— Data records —
• • • •

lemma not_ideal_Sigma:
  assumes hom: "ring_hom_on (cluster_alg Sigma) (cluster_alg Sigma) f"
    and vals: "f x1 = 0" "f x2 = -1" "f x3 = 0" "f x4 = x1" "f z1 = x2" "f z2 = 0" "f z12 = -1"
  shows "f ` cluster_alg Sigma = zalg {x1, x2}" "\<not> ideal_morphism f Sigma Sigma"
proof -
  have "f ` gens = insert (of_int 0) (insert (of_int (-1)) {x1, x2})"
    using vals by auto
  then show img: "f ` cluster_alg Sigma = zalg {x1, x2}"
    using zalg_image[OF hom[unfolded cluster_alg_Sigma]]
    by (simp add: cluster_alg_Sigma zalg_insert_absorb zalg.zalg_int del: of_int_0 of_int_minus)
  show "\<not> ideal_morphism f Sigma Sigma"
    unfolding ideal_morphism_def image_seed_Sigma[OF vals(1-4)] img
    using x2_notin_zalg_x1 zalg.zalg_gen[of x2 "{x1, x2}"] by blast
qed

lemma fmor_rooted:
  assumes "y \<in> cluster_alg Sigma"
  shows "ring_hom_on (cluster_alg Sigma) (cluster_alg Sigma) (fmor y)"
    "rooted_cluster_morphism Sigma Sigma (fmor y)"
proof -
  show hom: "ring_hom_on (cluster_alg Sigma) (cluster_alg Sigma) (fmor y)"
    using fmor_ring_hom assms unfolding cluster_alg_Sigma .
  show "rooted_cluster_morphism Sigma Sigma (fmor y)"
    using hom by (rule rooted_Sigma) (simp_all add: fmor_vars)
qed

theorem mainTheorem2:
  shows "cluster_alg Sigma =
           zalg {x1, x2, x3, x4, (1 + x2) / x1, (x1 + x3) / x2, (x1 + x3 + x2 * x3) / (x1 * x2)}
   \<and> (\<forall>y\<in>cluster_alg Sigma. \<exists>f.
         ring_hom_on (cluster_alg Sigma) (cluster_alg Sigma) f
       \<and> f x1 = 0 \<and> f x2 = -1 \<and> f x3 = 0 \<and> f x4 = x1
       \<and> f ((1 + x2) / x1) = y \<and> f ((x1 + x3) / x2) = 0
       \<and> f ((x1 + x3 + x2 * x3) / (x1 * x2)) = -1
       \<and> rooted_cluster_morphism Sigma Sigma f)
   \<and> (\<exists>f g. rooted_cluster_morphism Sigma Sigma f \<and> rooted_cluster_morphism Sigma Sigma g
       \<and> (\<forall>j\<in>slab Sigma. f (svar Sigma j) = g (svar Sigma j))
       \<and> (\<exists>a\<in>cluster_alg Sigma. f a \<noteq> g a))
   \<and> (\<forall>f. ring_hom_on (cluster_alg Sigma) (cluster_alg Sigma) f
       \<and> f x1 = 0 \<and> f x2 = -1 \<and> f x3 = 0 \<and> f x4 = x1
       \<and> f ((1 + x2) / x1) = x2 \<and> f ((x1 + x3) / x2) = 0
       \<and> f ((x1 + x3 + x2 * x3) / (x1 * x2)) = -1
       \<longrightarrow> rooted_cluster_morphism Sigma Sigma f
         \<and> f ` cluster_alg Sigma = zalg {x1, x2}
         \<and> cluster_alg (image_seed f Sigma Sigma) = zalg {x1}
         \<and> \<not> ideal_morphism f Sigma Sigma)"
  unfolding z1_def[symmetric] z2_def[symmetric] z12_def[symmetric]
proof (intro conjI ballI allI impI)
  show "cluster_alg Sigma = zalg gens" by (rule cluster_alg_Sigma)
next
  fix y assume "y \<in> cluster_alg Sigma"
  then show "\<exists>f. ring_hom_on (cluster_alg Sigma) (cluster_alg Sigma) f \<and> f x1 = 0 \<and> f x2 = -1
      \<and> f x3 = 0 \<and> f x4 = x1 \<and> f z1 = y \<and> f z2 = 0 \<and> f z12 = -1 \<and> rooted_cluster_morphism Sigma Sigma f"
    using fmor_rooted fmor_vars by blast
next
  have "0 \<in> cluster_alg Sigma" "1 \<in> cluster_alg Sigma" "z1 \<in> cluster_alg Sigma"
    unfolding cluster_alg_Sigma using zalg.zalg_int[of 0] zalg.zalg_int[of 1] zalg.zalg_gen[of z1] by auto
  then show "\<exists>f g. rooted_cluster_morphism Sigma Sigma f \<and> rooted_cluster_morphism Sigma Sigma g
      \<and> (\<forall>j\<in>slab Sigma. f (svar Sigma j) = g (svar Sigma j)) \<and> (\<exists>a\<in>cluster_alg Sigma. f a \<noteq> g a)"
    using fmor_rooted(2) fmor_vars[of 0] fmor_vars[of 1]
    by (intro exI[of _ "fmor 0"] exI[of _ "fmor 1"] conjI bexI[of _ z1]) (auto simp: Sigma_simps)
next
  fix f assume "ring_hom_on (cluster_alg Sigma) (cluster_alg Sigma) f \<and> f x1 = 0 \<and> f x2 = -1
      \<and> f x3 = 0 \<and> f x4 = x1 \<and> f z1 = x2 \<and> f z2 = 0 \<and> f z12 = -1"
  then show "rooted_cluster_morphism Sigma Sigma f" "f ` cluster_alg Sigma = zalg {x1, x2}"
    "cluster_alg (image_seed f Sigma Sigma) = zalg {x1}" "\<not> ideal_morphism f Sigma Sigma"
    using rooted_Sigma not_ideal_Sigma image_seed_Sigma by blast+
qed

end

• • • •

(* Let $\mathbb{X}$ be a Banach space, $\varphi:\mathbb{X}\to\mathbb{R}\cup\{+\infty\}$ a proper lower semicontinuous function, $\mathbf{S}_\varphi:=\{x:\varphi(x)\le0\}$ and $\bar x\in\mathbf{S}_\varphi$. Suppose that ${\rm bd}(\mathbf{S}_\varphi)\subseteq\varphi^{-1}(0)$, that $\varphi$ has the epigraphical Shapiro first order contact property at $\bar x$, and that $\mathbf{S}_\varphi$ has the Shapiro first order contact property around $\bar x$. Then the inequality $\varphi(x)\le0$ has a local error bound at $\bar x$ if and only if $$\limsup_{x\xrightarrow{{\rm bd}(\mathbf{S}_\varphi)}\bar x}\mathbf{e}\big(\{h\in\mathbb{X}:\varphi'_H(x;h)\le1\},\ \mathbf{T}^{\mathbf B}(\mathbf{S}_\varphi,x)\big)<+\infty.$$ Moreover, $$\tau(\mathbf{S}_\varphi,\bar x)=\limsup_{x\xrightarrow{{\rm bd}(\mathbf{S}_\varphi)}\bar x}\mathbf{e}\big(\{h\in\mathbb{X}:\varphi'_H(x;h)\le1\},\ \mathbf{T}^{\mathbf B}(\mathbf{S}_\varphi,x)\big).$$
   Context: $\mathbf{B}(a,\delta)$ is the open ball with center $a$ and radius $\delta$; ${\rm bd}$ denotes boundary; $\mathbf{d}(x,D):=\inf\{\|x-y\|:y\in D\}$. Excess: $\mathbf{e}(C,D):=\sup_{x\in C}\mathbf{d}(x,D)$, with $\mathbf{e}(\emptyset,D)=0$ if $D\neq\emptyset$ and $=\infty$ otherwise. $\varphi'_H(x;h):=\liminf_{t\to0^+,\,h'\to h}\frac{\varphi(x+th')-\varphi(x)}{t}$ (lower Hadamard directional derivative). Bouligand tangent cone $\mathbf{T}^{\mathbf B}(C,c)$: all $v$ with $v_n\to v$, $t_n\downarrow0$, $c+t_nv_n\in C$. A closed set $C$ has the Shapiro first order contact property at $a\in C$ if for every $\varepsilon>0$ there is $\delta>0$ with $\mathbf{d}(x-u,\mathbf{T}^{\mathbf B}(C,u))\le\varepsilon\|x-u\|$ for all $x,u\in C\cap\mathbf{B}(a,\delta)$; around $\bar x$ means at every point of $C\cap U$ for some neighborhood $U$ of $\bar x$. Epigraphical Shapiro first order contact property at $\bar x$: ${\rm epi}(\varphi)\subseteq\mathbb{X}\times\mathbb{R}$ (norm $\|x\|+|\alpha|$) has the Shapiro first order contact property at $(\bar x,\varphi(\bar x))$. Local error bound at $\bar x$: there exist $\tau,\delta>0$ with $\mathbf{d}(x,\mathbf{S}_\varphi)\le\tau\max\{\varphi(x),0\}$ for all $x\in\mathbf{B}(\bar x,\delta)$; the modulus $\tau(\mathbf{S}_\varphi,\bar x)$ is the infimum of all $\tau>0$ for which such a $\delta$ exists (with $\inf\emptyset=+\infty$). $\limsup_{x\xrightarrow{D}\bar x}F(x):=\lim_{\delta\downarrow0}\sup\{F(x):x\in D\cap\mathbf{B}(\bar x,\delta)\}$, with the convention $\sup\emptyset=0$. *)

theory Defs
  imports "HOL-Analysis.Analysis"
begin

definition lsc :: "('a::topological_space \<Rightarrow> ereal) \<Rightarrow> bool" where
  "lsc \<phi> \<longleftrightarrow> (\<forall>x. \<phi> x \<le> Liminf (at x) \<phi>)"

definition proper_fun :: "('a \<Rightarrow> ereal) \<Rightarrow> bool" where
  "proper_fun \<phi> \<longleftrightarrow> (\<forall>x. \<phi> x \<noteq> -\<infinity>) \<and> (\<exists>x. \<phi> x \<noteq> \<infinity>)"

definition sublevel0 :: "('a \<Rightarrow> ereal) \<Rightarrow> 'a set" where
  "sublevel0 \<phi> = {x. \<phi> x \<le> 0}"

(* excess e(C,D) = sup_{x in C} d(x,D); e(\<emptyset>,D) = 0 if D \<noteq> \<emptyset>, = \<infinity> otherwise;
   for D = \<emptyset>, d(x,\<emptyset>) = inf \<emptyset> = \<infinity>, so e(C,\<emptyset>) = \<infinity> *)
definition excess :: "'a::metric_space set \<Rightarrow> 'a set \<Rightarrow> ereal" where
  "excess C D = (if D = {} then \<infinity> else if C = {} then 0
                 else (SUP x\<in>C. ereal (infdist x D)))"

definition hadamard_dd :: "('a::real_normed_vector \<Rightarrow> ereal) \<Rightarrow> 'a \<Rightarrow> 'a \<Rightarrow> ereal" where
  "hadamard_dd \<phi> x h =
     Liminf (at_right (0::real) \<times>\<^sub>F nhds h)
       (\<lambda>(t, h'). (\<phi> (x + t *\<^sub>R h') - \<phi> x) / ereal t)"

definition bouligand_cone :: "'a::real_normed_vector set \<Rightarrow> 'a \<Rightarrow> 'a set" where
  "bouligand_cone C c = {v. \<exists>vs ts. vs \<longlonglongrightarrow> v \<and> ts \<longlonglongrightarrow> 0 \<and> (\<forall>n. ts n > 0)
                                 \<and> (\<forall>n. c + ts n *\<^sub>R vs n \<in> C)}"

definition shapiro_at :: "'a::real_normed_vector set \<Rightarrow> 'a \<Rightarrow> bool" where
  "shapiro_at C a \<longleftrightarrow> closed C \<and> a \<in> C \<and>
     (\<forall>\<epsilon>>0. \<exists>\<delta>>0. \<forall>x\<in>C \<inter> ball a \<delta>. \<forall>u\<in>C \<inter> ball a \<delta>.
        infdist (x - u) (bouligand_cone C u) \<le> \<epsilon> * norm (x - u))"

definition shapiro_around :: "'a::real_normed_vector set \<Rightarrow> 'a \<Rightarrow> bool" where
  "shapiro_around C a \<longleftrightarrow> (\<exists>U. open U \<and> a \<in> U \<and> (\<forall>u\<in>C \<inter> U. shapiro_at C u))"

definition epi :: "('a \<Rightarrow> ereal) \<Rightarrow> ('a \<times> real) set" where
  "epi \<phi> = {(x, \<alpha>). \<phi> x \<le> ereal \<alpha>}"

• • • •

— WHAT THIS TASK INVOLVES —
For each line in the records that contains the word "else", make a copy.

— RESPONSE FOR THIS EXERCISE —
  "excess C D = (if D = {} then \<infinity> else if C = {} then 0
                 else (SUP x\<in>C. ereal (infdist x D)))"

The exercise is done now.